X,y = make_moons(noise=0.3, random_state=0, n_samples=300)
X_train, X_test, y_train, y_test = train_test_split(
        X, y, test_size=0.4, random_state=42
    )

fig, axs = plt.subplots(ncols=2, figsize=(12, 5))
cm_0 = LinearSegmentedColormap.from_list("mycmap", ["#ffffff","#a0c3ff"])
cm_1 = LinearSegmentedColormap.from_list("mycmap", ["#ffffff", "#ffa1cf"])
cmaps = [cm_0,cm_1]
cm_points = ListedColormap(["#007bff", "magenta"])
for ax, k in zip(axs, (0,1)):
    gnb = GaussianNB()
    y_pred = gnb.fit(X_train, y_train)
    x = np.arange(-2, 3, 0.05)
    y = np.arange(-2, 3, 0.05)

    xx, yy = np.meshgrid(x, y)
    X = np.array([xx,yy]).reshape(2,x.shape[0]*y.shape[0]).T
    Z = gnb.predict_joint_log_proba(np.c_[xx.ravel(), yy.ravel()])
    h = ax.contourf(x,y,Z[:,k].reshape((y.shape[0],x.shape[0])),cmap=cmaps[k])

    ax.axis('scaled')
    scatter = ax.scatter(X_train[:, 0], X_train[:, 1], c=y_train, edgecolors="k",cmap = cm_points)
    _ = ax.set_title(
        f"Two moons log p(x,y={k}) Gaussian Naive Bayes"
    )
    
plt.show()
_images/classification_naive_bayes_7_0.png

The corresponding classifier predicts the class attaining the maximum joint probability. Below, you can see the decision boundary. The classifier looks linear in this example. That is not necessarily the case, but since the joint probabilities are always ellipses, the Gaussian Naive Bayes classifier can’t model arbritary shapes in the decision boundary.
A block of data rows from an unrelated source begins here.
datatype 'r pH =
    Atom 'r "nat list"
  | Eq nat nat
  | Conj "'r pH" "'r pH"
  | Ex nat "'r pH"
  | All nat "'r pH"

fun fv :: "'r pH \<Rightarrow> nat set" where
  "fv (Atom R xs) = set xs"
| "fv (Eq x y) = {x, y}"
| "fv (Conj p q) = fv p \<union> fv q"
| "fv (Ex x p) = fv p - {x}"
| "fv (All x p) = fv p - {x}"

fun wf_pH :: "'r set \<Rightarrow> ('r \<Rightarrow> nat) \<Rightarrow> 'r pH \<Rightarrow> bool" where
  "wf_pH Sig ar (Atom R xs) \<longleftrightarrow> R \<in> Sig \<and> length xs = ar R"
| "wf_pH Sig ar (Eq x y) \<longleftrightarrow> True"
| "wf_pH Sig ar (Conj p q) \<longleftrightarrow> wf_pH Sig ar p \<and> wf_pH Sig ar q"
| "wf_pH Sig ar (Ex x p) \<longleftrightarrow> wf_pH Sig ar p"
| "wf_pH Sig ar (All x p) \<longleftrightarrow> wf_pH Sig ar p"

fun sat :: "('r, 'a) struc \<Rightarrow> 'r pH \<Rightarrow> (nat \<Rightarrow> 'a) \<Rightarrow> bool" where
  "sat S (Atom R xs) e \<longleftrightarrow> map e xs \<in> rel S R"
| "sat S (Eq x y) e \<longleftrightarrow> e x = e y"
| "sat S (Conj p q) e \<longleftrightarrow> sat S p e \<and> sat S q e"
| "sat S (Ex x p) e \<longleftrightarrow> (\<exists>a\<in>dom S. sat S p (e(x := a)))"
| "sat S (All x p) e \<longleftrightarrow> (\<forall>a\<in>dom S. sat S p (e(x := a)))"

fun qfree :: "'r pH \<Rightarrow> bool" where
  "qfree (Atom R xs) = True"
| "qfree (Eq x y) = True"
| "qfree (Conj p q) = (qfree p \<and> qfree q)"
| "qfree (Ex x p) = False"
| "qfree (All x p) = False"

definition is_Pi2 :: "'r pH \<Rightarrow> bool" where
  "is_Pi2 \<phi> \<longleftrightarrow> (\<exists>xs ys P. qfree P \<and> \<phi> = foldr All xs (foldr Ex ys P))"

text \<open>Truth of a sentence: closed, so the assignment is irrelevant.\<close>
definition QCSP :: "'r set \<Rightarrow> ('r \<Rightarrow> nat) \<Rightarrow> ('r, 'a) struc \<Rightarrow> 'r pH set" where
  "QCSP Sig ar S = {\<phi>. wf_pH Sig ar \<phi> \<and> fv \<phi> = {} \<and> (\<forall>e. sat S \<phi> e)}"

definition Pi2_CSP :: "'r set \<Rightarrow> ('r \<Rightarrow> nat) \<Rightarrow> ('r, 'a) struc \<Rightarrow> 'r pH set" where
  "Pi2_CSP Sig ar S = {\<phi>\<in>QCSP Sig ar S. is_Pi2 \<phi>}"

end

theory Submission
  imports Defs
begin

text \<open>Positive Horn sentences are preserved by direct powers, since they can be evaluated
coordinatewise, and by surjective homomorphisms; this gives (II) \<open>\<Longrightarrow>\<close> (III).
For (IV) \<open>\<Longrightarrow>\<close> (I), let \<open>k = |B|\<close> and \<open>m = |A|^k\<close>, and let \<open>c\<^sub>0, \<dots>, c\<^sub>k\<^sub>-\<^sub>1 \<in> A\<^sup>m\<close> be the
columns of an \<open>m \<times> k\<close> matrix whose rows enumerate \<open>A\<^sup>k\<close>. The \<open>\<Pi>\<^sub>2\<close> sentence
\<open>\<forall>x\<^sub>0 \<dots> x\<^sub>k\<^sub>-\<^sub>1. \<exists>(y\<^sub>d : d \<in> A\<^sup>m). \<Delta>(y) \<and> \<And>\<^sub>j x\<^sub>j = y\<^sub>c\<^sub>j\<close>, with \<open>\<Delta>\<close> the positive diagram of \<open>A\<^sup>m\<close>,
says that every assignment of the \<open>c\<^sub>j\<close> extends to a homomorphism from \<open>A\<^sup>m\<close>. It holds in
\<open>A\<close>, where the projections do the job, hence in \<open>B\<close>; sending the \<open>c\<^sub>j\<close> onto all of \<open>B\<close>
then yields a surjective homomorphism \<open>A\<^sup>m \<rightarrow> B\<close>.\<close>

lemma sat_cong: "(\<And>x. x \<in> fv p \<Longrightarrow> e x = e' x) \<Longrightarrow> sat S p e \<longleftrightarrow> sat S p e'"
proof (induction p arbitrary: e e')
  case (Atom R xs)
  then have "map e xs = map e' xs" by simp
  then show ?case by (simp only: sat.simps)
next
  case (Conj p q)
  have "sat S p e \<longleftrightarrow> sat S p e'" "sat S q e \<longleftrightarrow> sat S q e'"
    by (rule Conj.IH; use Conj.prems in simp)+
  then show ?case by simp
next
  case (Ex x p)
  have "sat S p (e(x := a)) \<longleftrightarrow> sat S p (e'(x := a))" for a
    by (rule Ex.IH) (use Ex.prems in auto)
  then show ?case by simp
next
  case (All x p)
  have "sat S p (e(x := a)) \<longleftrightarrow> sat S p (e'(x := a))" for a
    by (rule All.IH) (use All.prems in auto)
  then show ?case by simp
qed simp

lemma sat_foldr_Conj: "sat S (foldr Conj qs p) e \<longleftrightarrow> sat S p e \<and> (\<forall>q\<in>set qs. sat S q e)"
  by (induction qs) auto

definition variants :: "('r, 'a) struc \<Rightarrow> nat set \<Rightarrow> (nat \<Rightarrow> 'a) \<Rightarrow> (nat \<Rightarrow> 'a) set" where
  "variants S X e = {e'. (\<forall>v. v \<notin> X \<longrightarrow> e' v = e v) \<and> e' ` X \<subseteq> dom S}"

lemma variants_empty [simp]: "variants S {} e = {e}"
  by (auto simp: variants_def)

lemma variants_insert: "variants S (insert x X) e = (\<Union>a\<in>dom S. variants S X (e(x := a)))"
proof
  show "variants S (insert x X) e \<subseteq> (\<Union>a\<in>dom S. variants S X (e(x := a)))"
  proof
    fix e' assume "e' \<in> variants S (insert x X) e"
    then have "e' x \<in> dom S" "e' \<in> variants S X (e(x := e' x))"
      by (auto simp: variants_def)
    then show "e' \<in> (\<Union>a\<in>dom S. variants S X (e(x := a)))" by blast
  qed
  show "(\<Union>a\<in>dom S. variants S X (e(x := a))) \<subseteq> variants S (insert x X) e"
    by (auto simp: variants_def split: if_splits)
qed

lemma sat_foldr_Ex: "sat S (foldr Ex xs p) e \<longleftrightarrow> (\<exists>e'\<in>variants S (set xs) e. sat S p e')"
  by (induction xs arbitrary: e) (auto simp: variants_insert)

lemma sat_foldr_All: "sat S (foldr All xs p) e \<longleftrightarrow> (\<forall>e'\<in>variants S (set xs) e. sat S p e')"
  by (induction xs arbitrary: e) (auto simp: variants_insert)

lemma fv_foldr_Conj: "fv (foldr Conj qs p) = fv p \<union> (\<Union>q\<in>set qs. fv q)"
  by (induction qs) auto

lemma fv_foldr_Ex: "fv (foldr Ex xs p) = fv p - set xs"
  by (induction xs) auto

lemma fv_foldr_All: "fv (foldr All xs p) = fv p - set xs"
  by (induction xs) auto

lemma wf_pH_foldr_Conj: "wf_pH Sig ar (foldr Conj qs p) \<longleftrightarrow> wf_pH Sig ar p \<and> (\<forall>q\<in>set qs. wf_pH Sig ar q)"
  by (induction qs) auto

lemma wf_pH_foldr_Ex: "wf_pH Sig ar (foldr Ex xs p) \<longleftrightarrow> wf_pH Sig ar p"
  by (induction xs) auto

lemma wf_pH_foldr_All: "wf_pH Sig ar (foldr All xs p) \<longleftrightarrow> wf_pH Sig ar p"
  by (induction xs) auto

lemma qfree_foldr_Conj: "qfree (foldr Conj qs p) \<longleftrightarrow> qfree p \<and> (\<forall>q\<in>set qs. qfree q)"
  by (induction qs) auto

lemma sat_surj_hom:
  assumes h: "surj_hom Sig S T h" and "wf_pH Sig ar p" and "\<And>x. e x \<in> dom S" and "sat S p e"
  shows "sat T p (h \<circ> e)"
  using assms(2-)
proof (induction p arbitrary: e)
  case (Atom R xs)
  then have "map e xs \<in> rel S R" "R \<in> Sig" by simp_all
  then have "map h (map e xs) \<in> rel T R" using h unfolding surj_hom_def hom_def by blast
  then show ?case by (simp add: comp_def)
next
  case (Ex x p)
  then obtain a where a: "a \<in> dom S" "sat S p (e(x := a))" by auto
  have "wf_pH Sig ar p" "(e(x := a)) y \<in> dom S" for y using Ex.prems a by simp_all
  then have "sat T p (h \<circ> e(x := a))" using Ex.IH a(2) by blast
  moreover have "h a \<in> dom T" using h a(1) by (auto simp: surj_hom_def)
  ultimately show ?case by (metis fun_upd_comp sat.simps(4))
next
  case (All x p)
  have "sat T p ((h \<circ> e)(x := h a))" if a: "a \<in> dom S" for a
  proof -
    have "wf_pH Sig ar p" "(e(x := a)) y \<in> dom S" "sat S p (e(x := a))" for y
      using All.prems a by simp_all
    then have "sat T p (h \<circ> e(x := a))" using All.IH by blast
    then show ?thesis by (simp only: fun_upd_comp)
  qed
  then show ?case using h unfolding surj_hom_def by (metis imageE sat.simps(5))
qed auto
lemma sample_gamma_pos: "i < N \<Longrightarrow> 0 < \<gamma> (k - 1) (xs i)"
  using samples Z_pos(1) hmm_gamma_nonneg[of "k - 1" "xs i"]
  by (auto simp: hmm_supp_def hmm_post_def zero_less_divide_iff)

lemma measurable_proposal[measurable]: "(\<lambda>(y, a). q k y a) \<in> borel_measurable (Ek M (k - 1) \<Otimes>\<^sub>M M)"
proof -
  have "(\<lambda>(y, a). q k (restrict (y(k := a)) {..<k}) ((y(k := a)) k)) \<in> borel_measurable (Ek M (k - 1) \<Otimes>\<^sub>M M)"
    using measurable_compose[OF measurable_extend q_measurable] by (simp add: split_beta')
  then show ?thesis
    by (rule measurable_cong[THEN iffD1, rotated]) (auto simp: space_pair_measure restrict_prev)
qed

lemma smc_weight_eq:
  "w x = ennreal (\<gamma> k x) / ennreal (\<gamma> (k - 1) (restrict x {..<k}) * q k (restrict x {..<k}) (x k))"
  using step_pos by (simp add: smc_weight_def)

lemma measurable_smc_weight[measurable]: "w \<in> borel_measurable (Ek M k)"
proof -
  note q_measurable[measurable] measurable_compose[OF measurable_truncate measurable_hmm_gamma, measurable]
  show ?thesis unfolding smc_weight_eq[abs_def] by measurable
qed

lemma smc_weight_extend:
  "y \<in> space (Ek M (k - 1)) \<Longrightarrow>
    w (y(k := a)) = ennreal (\<gamma> (k - 1) y * incr y a) / ennreal (\<gamma> (k - 1) y * q k y a)"
  unfolding smc_weight_eq by (simp add: restrict_prev hmm_gamma_extend[OF step_pos])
from sklearn.model_selection import train_test_split
import matplotlib.pyplot as plt
from sklearn.inspection import DecisionBoundaryDisplay
from matplotlib.colors import ListedColormap, LinearSegmentedColormap
from sklearn.datasets import make_moons



X,y = make_moons(noise=0.3, random_state=0, n_samples=300)
X_train, X_test, y_train, y_test = train_test_split(
        X, y, test_size=0.4, random_state=42
    )

_, ax = plt.subplots(ncols=1, figsize=(12, 5))
cm = ListedColormap(["#a0c3ff", "#ffa1cf"])
cm_points = ListedColormap(["#007bff", "magenta"])
gnb = GaussianNB()
y_pred = gnb.fit(X_train, y_train)
disp = DecisionBoundaryDisplay.from_estimator(
    gnb,
    X_test,
    response_method="predict",
    plot_method="pcolormesh",
    shading="auto",
    alpha=0.5,
    ax=ax,
    cmap=cm,
)
scatter = disp.ax_.scatter(X_train[:, 0], X_train[:, 1], c=y_train, edgecolors="k",cmap = cm_points)
_ = disp.ax_.set_title(
    f"Two moons classification Gaussian Naive Bayes\nTest Acc {np.mean(gnb.predict(X_test) == y_test)}"
)
ax.axis('scaled')

plt.show()
_images/classification_naive_bayes_9_0.png

Training#

Naive Bayes doesn’t need training in the classical sense, but to enable a quick inference of a naive Bayes classifier, the required probabilities, respectively their parameters are stored in advance. That is, for discrete features we compute all log probabilities, and for continuous features we compute the estimation parameters \(\mu_{kl}\) and \(\sigma_{kl}\).

Algorithm 7 (Naive Bayes (Gaussian and Multinomial))

Input: training data \(\mathcal{D}\), \(\alpha\)

  1. for \(k\in\{1,\ldots,d\}\)

    1. if \(\mathtt{x}_k\) is a discrete feature

      1. for \(a\in\mathcal{X}_k\)

        1. for \(l\in\{1,\ldots, c\}\)

          1. Store \(\log p_\alpha(x_k=a\mid y=l)\)

    2. else

      1. for \(l\in\{1,\ldots, c\}\)

        1. Store \(\mu_{kl}\) and \(\sigma_{kl}\).